На экране заиграла реклама джакузи, и Энгельманн прервался на просмотр, хоть и видел ее уже дважды. Ролик то и дело крутили во время ночного фильма на местном канале. Две пышногрудые девушки в бикини – одна сидела на краю бассейна и барахтала ногами, другая стояла в воде – смеялись вместе с молодым человеком. Вода доходила ему до шеи, и стильная усатая голова покачивалась как раз на уровне груди той, что стояла рядом. Закадровый голос читал рекламный текст, а в кадре появлялись адреса торговых точек. Реклама закончилась; и чтобы продолжить записи, Энгельманну пришлось сначала перечитать написанное.
«Больше никто меня в Комнату Яда не затащит. Нет-нет!
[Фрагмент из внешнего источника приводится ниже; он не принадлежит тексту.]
(* Let $0<q<1$, $v>-1$, and let $\omega:\mathbb R\to\mathbb R$ be an even function with $\omega(q^n)\neq 0$ for all $n\in\mathbb Z$. Let $d\mu(x)=\omega(x)^2|x|^{2v+1}d_qx$, where $d_qx=(1-q)\sum_{n\in\mathbb Z}q^n\delta_{q^n}$, and assume $\mu$ has finite moments $s_n=\int x^n\,d\mu(x)$ of all orders. If $$\lim_{n\rightarrow\infty}q^{n/4}\,(s_{2n})^{1/(2n)}=0,$$ then $\mu$ is determinate.
   Context: $\delta_a$ denotes the Dirac mass at $a$. A positive measure $\mu$ on $\mathbb R$ with moments of all orders and infinite support is called determinate if it is the only positive measure on $\mathbb R$ having the same moments $s_n=\int x^n d\mu(x)$ for all $n\ge 0$. *)

theory Defs
  imports "HOL-Probability.Probability"
begin

definition moment :: "real measure \<Rightarrow> nat \<Rightarrow> real" where
  "moment M n = (\<integral>x. x ^ n \<partial>M)"

definition has_all_moments :: "real measure \<Rightarrow> bool" where
  "has_all_moments M \<longleftrightarrow> sets M = sets borel \<and> (\<forall>n. integrable M (\<lambda>x. x ^ n))"

definition determinate :: "real measure \<Rightarrow> bool" where
  "determinate M \<longleftrightarrow> has_all_moments M \<and>
     (\<forall>N. has_all_moments N \<and> (\<forall>n. moment N n = moment M n) \<longrightarrow> N = M)"

text \<open>The measure  omega(x)^2 |x|^(2v+1) d_q x,  with
  d_q x = (1-q) sum_{n in Z} q^n delta_{q^n}.\<close>
definition q_measure :: "real \<Rightarrow> real \<Rightarrow> (real \<Rightarrow> real) \<Rightarrow> real measure" where
  "q_measure q v \<omega> =
     distr (density (count_space (UNIV::int set))
              (\<lambda>n. ennreal ((1 - q) * q powi n * (\<omega> (q powi n))\<^sup>2 * \<bar>q powi n\<bar> powr (2 * v + 1))))
           borel (\<lambda>n. q powi n)"

end

theory Submission
  imports Defs "HOL-Computational_Algebra.Polynomial"
begin

text \<open>
  The measure lives on the lattice of points \<open>q^l\<close>, \<open>l \<in> \<int>\<close>. For \<open>E \<subseteq> {-m..4m}\<close> the polynomial
  \<open>qprod q E x = \<Prod>e\<in>E. 1 - x q^e\<close> vanishes at the points \<open>q^-e\<close>, lies in \<open>[0, 1]\<close> at the
  small points \<open>q^l\<close>, \<open>l > m\<close>, and is at most \<open>q^((15m\<^sup>2 + 3m)/2 - (5m + 1)T)\<close> at a large
  point \<open>q^-T\<close>, \<open>T > 4m\<close>, where the growth condition on the moments leaves mass at most
  \<open>q^(2T\<^sup>2)\<close>. Hence the integral of \<open>(qprod q E)\<^sup>2\<close> is its sum over the remaining points of
  the window \<open>-4m \<le> l \<le> m\<close> plus a remainder tending to \<open>0\<close>; being the integral of a
  polynomial, it is the same for every measure \<open>N\<close> with the same moments.
  Off the lattice, \<open>|qprod q E x|\<close> is bounded below uniformly in \<open>E\<close>, so taking
  \<open>E = {-m..4m}\<close> shows that \<open>N\<close> also lives on the lattice. Removing \<open>-j\<close> from \<open>E\<close>
  isolates the point \<open>q^j\<close>, where \<open>|qprod q E|\<close> is again bounded below, and gives
  \<open>N{q^j} \<le> M{q^j}\<close>; by symmetry the point masses agree and \<open>N = M\<close>.
\<close>

definition q_lattice :: "real \<Rightarrow> real set" where
  "q_lattice q = range (\<lambda>l::int. q powi l)"

definition qprod :: "real \<Rightarrow> int set \<Rightarrow> real \<Rightarrow> real" where
  "qprod q E x = (\<Prod>e\<in>E. 1 - x * q powi e)"

text \<open>The zeros of \<open>qprod q {-m..4m}\<close>.\<close>
definition q_window :: "real \<Rightarrow> nat \<Rightarrow> real set" where
  "q_window q m = (\<lambda>l. q powi l) ` {- 4 * int m..int m}"

lemma exp_neg_div_le_one_minus:
  fixes a b :: real
  assumes "0 \<le> a" "a \<le> b" "b < 1"
  shows "exp (- a / (1 - b)) \<le> 1 - a"
proof -
  have "exp (- a / (1 - b)) \<le> exp (- (a / (1 - a)))"
    using assms by (simp add: divide_left_mono)
  also have "\<dots> = inverse (exp (a / (1 - a)))" by (simp add: exp_minus)
  also have "\<dots> \<le> inverse (1 + a / (1 - a))"
    using assms by (intro le_imp_inverse_le exp_ge_add_one_self) (auto intro: add_pos_nonneg)
  also have "1 + a / (1 - a) = 1 / (1 - a)" using assms by (simp add: field_simps)
  finally show ?thesis by simp
qed

lemma exp_le_prod_one_minus_geometric:
  fixes q b :: real and g :: "'a \<Rightarrow> nat"
  assumes q: "0 < q" "q < 1" and b: "0 \<le> b" "b < 1" and E: "finite E" "inj_on g E"
  shows "exp (- b / ((1 - q) * (1 - b))) \<le> (\<Prod>e\<in>E. 1 - b * q ^ g e)"
proof -
  have geom: "(\<Sum>n\<in>g ` E. q ^ n) \<le> 1 / (1 - q)"
    using sum_le_suminf[of "\<lambda>n. q ^ n" "g ` E"] q E
    by (auto simp: summable_geometric suminf_geometric)
  have "(b / (1 - b)) * (\<Sum>n\<in>g ` E. q ^ n) \<le> (b / (1 - b)) * (1 / (1 - q))"
    using geom b by (intro mult_left_mono) auto
  hence "- b / ((1 - q) * (1 - b)) \<le> (\<Sum>n\<in>g ` E. - (b * q ^ n) / (1 - b))"
    using b q by (simp add: sum_negf sum_distrib_left sum_divide_distrib[symmetric] field_simps)
  hence "exp (- b / ((1 - q) * (1 - b))) \<le> (\<Prod>n\<in>g ` E. exp (- (b * q ^ n) / (1 - b)))"
    using E by (simp add: exp_sum[symmetric])
  also have "\<dots> \<le> (\<Prod>n\<in>g ` E. 1 - b * q ^ n)"
  proof (rule prod_mono)
    fix n
    have "b * q ^ n \<le> b" using q b by (simp add: mult_left_le power_le_one)
    thus "0 \<le> exp (- (b * q ^ n) / (1 - b)) \<and> exp (- (b * q ^ n) / (1 - b)) \<le> 1 - b * q ^ n"
      using exp_neg_div_le_one_minus[of "b * q ^ n" b] q b by simp
  qed
  also have "\<dots> = (\<Prod>e\<in>E. 1 - b * q ^ g e)" using E by (simp add: prod.reindex)
  finally show ?thesis .
qed

lemma one_minus_inverse_le_abs_one_minus:
  fixes u :: real
  assumes "0 < u"
  shows "1 - 1 / u \<le> \<bar>1 - u\<bar>"
proof -
  have "(u - 1) - (1 - 1 / u) = (u - 1)\<^sup>2 / u"
    using assms by (simp add: field_simps power2_eq_square)
  hence "1 - 1 / u \<le> u - 1" using assms by (smt (verit) divide_nonneg_pos zero_le_power2)
  moreover have "1 - 1 / u \<le> 1 - u" if "u \<le> 1"
    using that assms by (simp add: field_simps) (smt (verit) mult_le_one)
  ultimately show ?thesis by linarith
qed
Я отправлюсь в яркие залы Лекарств. И мне дадут средство, обновляющее душу. Ибо меня защищает свобода. Маленький народец считает, что все это „немыслимо“. Мои деяния неподвластны наказанию уже по причине одной только степени их чудовищности».
Он снова остановился, ненадолго переключившись на телевизор – там шла научно-фантастическая картина, и его вдохновляли кадры космического полета на звездном фоне. Снова заиграла та самая реклама. Энгельманн внимательно просмотрел ее, а потом принялся писать – но не как прежде, а судорожно, с жаром:
«Я делаю все, что хочу. Рисую мир так, как хочу. Ваши чертовы черепа – мои банки с краской! Я опустошаю их резкой, мощной кистью. Я рисую фрески своей мести. Ваш лживый, глумливый мирок – моя палитра. Я создам шедевры, разложу их для просушки. Пресса выставит их на всеобщее обозрение, словно выполненные обычной краской работы. Ведь так оно и есть! Так и есть! Я так вижу, и так тому и быть!»
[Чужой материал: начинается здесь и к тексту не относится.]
definition beta :: "player \<Rightarrow> gtree list \<Rightarrow> nat \<Rightarrow> ereal" where
  "beta p cs i = (if p = Follower then tau cs i else -\<infinity>)"

definition concave_e :: "(real \<Rightarrow> ereal) \<Rightarrow> bool" where
  "concave_e h \<longleftrightarrow> (\<forall>x. h x \<noteq> \<infinity>) \<and> convex {(x, t::real). ereal t \<le> h x}"

definition hull_op :: "(real \<Rightarrow> ereal) list \<Rightarrow> real \<Rightarrow> ereal" where
  "hull_op gs \<mu> = Inf {h \<mu> | h. concave_e h \<and> (\<forall>g\<in>set gs. \<forall>x. g x \<le> h x)}"

definition trunc :: "(real \<Rightarrow> ereal) \<Rightarrow> ereal \<Rightarrow> real \<Rightarrow> ereal" where
  "trunc g t \<mu> = (if t \<le> ereal \<mu> then g \<mu> else -\<infinity>)"

definition step :: "player \<Rightarrow> gtree list \<Rightarrow> (real \<Rightarrow> ereal) list \<Rightarrow> real \<Rightarrow> ereal" where
  "step p cs Fs = hull_op (map (\<lambda>i. trunc (Fs ! i) (beta p cs i)) [0..<length cs])"

definition leafEPF :: "real \<Rightarrow> real \<Rightarrow> real \<Rightarrow> ereal" where
  "leafEPF r1 r2 \<mu> = (if \<mu> = r2 then ereal r1 else -\<infinity>)"

fun U :: "gtree \<Rightarrow> real \<Rightarrow> ereal" where
  "U (Leaf r1 r2) = leafEPF r1 r2"
| "U (Node p cs) = step p cs (map U cs)"

fun U' :: "gtree \<Rightarrow> real \<Rightarrow> ereal" where
  "U' (Leaf r1 r2) = U (Leaf r1 r2)"
| "U' (Node p cs) = step p cs (map U cs)"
Энгельманн отложил блокнот. Ему до боли снова захотелось спуститься, спикировать за новой добычей. Прекрасный и неясный алый порыв вернулся к нему, наполнил сердце, словно телесная жидкость.
Чувства болезненно раздвоились. Каждое свершение он смаковал в полном временном объеме – любил и выжидать в предвкушении, и наслаждаться эхом, в очередной раз проносящимся по затихшему в страхе и ожидании городу. В последнее время он особенно остро чувствовал, как гулко отдается звук собственных шагов по улицам. И таким призрачным, гигантским присутствием он жил в сердцах семи миллионов. Но желание одолевало, и Энгельманн жаждал, чтобы неистовое, ни с чем не сравнимое изобилие заполнило воздух красными осколками его чрезмерной ярости. Недолго колеблясь, он условился с самим собой продолжить месть следующей ночью.
Уснуть ему удалось только к полудню следующего дня, и с началом сумерек он пребывал в глубоком забвении, – тогда же Сираф завершил период бездействия.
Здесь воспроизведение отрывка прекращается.